Antibiotic resistance is one of the main threats to public health of our time. While superbugs are emerging all over the world thanks to an overuse of existing antibiotics, particularly in agriculture and farming, new drugs able to fight increasingly potent infections are hard to come by.

To break this deadlock, researchers have been turning to synthetic molecules, which unlike common antibiotics can fight off infections without leading to drug resistance. Scientists at IBM Research, the world's largest industrial research organization, have come up with a synthetic molecule that works as a last ditch effort against superbugs that have already spread to every organ in the body, travelling through the blood. Their findings are detailed in a new study published in the journal Nature Communications. 

Synthetic molecules, as the name implies, are lab designed and developed polymers, chemicals made of large molecules comprising smaller, simpler molecules. To be used as an antibiotic, a synthetic molecule has to meet certain conditions: It has to be biodegradable and able to effectively attack bacteria without endangering other organs in the body.

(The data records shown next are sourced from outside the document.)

theorem low_discrepancy:
  "\<exists>c. \<forall>N\<ge>2. real N * star_discrepancy s N (\<lambda>n i. alg2_coord psi C lam (qadic_add_nat CARD('f) n alpha) i)
     \<le> c * ln (real N) ^ s"
proof -
  define K where "K = (2 * real CARD('f) - 1) / ln 2"
  define E where "E = 2 * real CARD('f) ^ t"
  show ?thesis
  proof (intro exI allI impI)
    fix N :: nat assume "N \<ge> 2"
    then obtain L where L: "real N \<le> real CARD('f) ^ L" "1 + (real CARD('f) - 1) * L \<le> K * ln N"
      using digit_length_log_bound[OF CARD_ge_2] unfolding K_def by blast
    have "1 \<le> ln N / ln 2"
      using \<open>N \<ge> 2\<close> by (simp add: ln_le_cancel_iff)
    have "real N * star_discrepancy s N (\<lambda>n i. alg2_coord psi C lam (qadic_add_nat CARD('f) n alpha) i)
        \<le> (1 + (real CARD('f) - 1) * L) ^ s * E + 2 * real s"
      using star_discrepancy_bound[OF _ L(1)] \<open>N \<ge> 2\<close> by (simp add: E_def)
    also have "\<dots> \<le> (K * ln N) ^ s * E + 2 * real s * (ln N / ln 2) ^ s"
    proof (rule add_mono)
      show "(1 + (real CARD('f) - 1) * L) ^ s * E \<le> (K * ln N) ^ s * E"
        using L(2) CARD_ge_2 by (intro mult_right_mono power_mono) (auto simp: E_def)
      show "2 * real s \<le> 2 * real s * (ln N / ln 2) ^ s"
        using mult_left_mono[OF one_le_power[OF \<open>1 \<le> ln N / ln 2\<close>, of s], of "2 * real s"] by simp
    qed
    also have "\<dots> = (K ^ s * E + 2 * real s / ln 2 ^ s) * ln N ^ s"
      by (simp add: power_mult_distrib power_divide algebra_simps)
    finally show "real N * star_discrepancy s N (\<lambda>n i. alg2_coord psi C lam (qadic_add_nat CARD('f) n alpha) i)
        \<le> (K ^ s * E + 2 * real s / ln 2 ^ s) * ln N ^ s" .
  qed
qed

Usually, the immune system attacks bacteria by destroying their protective membranes, and IBM's synthetic molecule had been designed to work the same way. “We are trying to emulate the exact way that our innate immune system works," lead author James Hedrick explained to Popular Science. “When you get an infection, right away your body secretes antimicrobial peptides, which is simply a fancy word for a polymer.”

Works Better Than the Real Thing

The IBM research isn't the first to explore the potential of synthetic molecules in fighting antibiotic resistance. One previous study focused on using synthetic molecules to prevent the genes carrying resistance properties from being transmitted between bacteria. Others use synthetic molecules as antibiotics that cause bacteria to explode, but researchers acknowledge that this is dangerous because it would help spread toxins in the bloodstream.

To minimize these side effects, IBM's synthetic molecule works by killing the bacteria from the inside out. "First, the polymer binds specifically to the bacterial cell," Hedrick wrote in an IBM Research blog. "Then, the polymer is transported across the bacterial cell membrane into the cytoplasm, where it causes precipitation of the cell contents (proteins and genes), resulting in cell death."

How it kills superbugs. Image credit: Institute of Bioengineering and Nanotechnology.

The molecules latch on to the bacteria using electrostatic charges to attach to various parts of their surface. So, even when a bacterium undergoes changes in its internal make-up, the synthetic polymers is still able to identify it.

The molecule is also able to completely degrade after three days. "It basically just comes in, kills the bacteria, degrades, and leaves," Hedrick told Popular Science, adding that this approach could also mitigate antibiotic resistance or work against extremely resistant strains even when the bacteria has evolved.

So far, the IBM researchers have successfully tested their synthetic molecule on mice infected with five difficult-to-treat, multi-drug resistant superbugs that can be commonly acquired in hospitals and often lead to sepsis or even death. The plan is to eventually have the synthetic molecule ready for human clinical tests.

This research adds to the range of creative ideas scientists have come up with to stave off the worst impacts of the drug resistance crisis, including developing "super enzymes" to synthetic nanobots. Unfortunately, lab-produced molecules don't come by as cheap as natural ones. For now, our best bet remains to always follow the doctor's instructions and only use antibiotics only when we truly need them.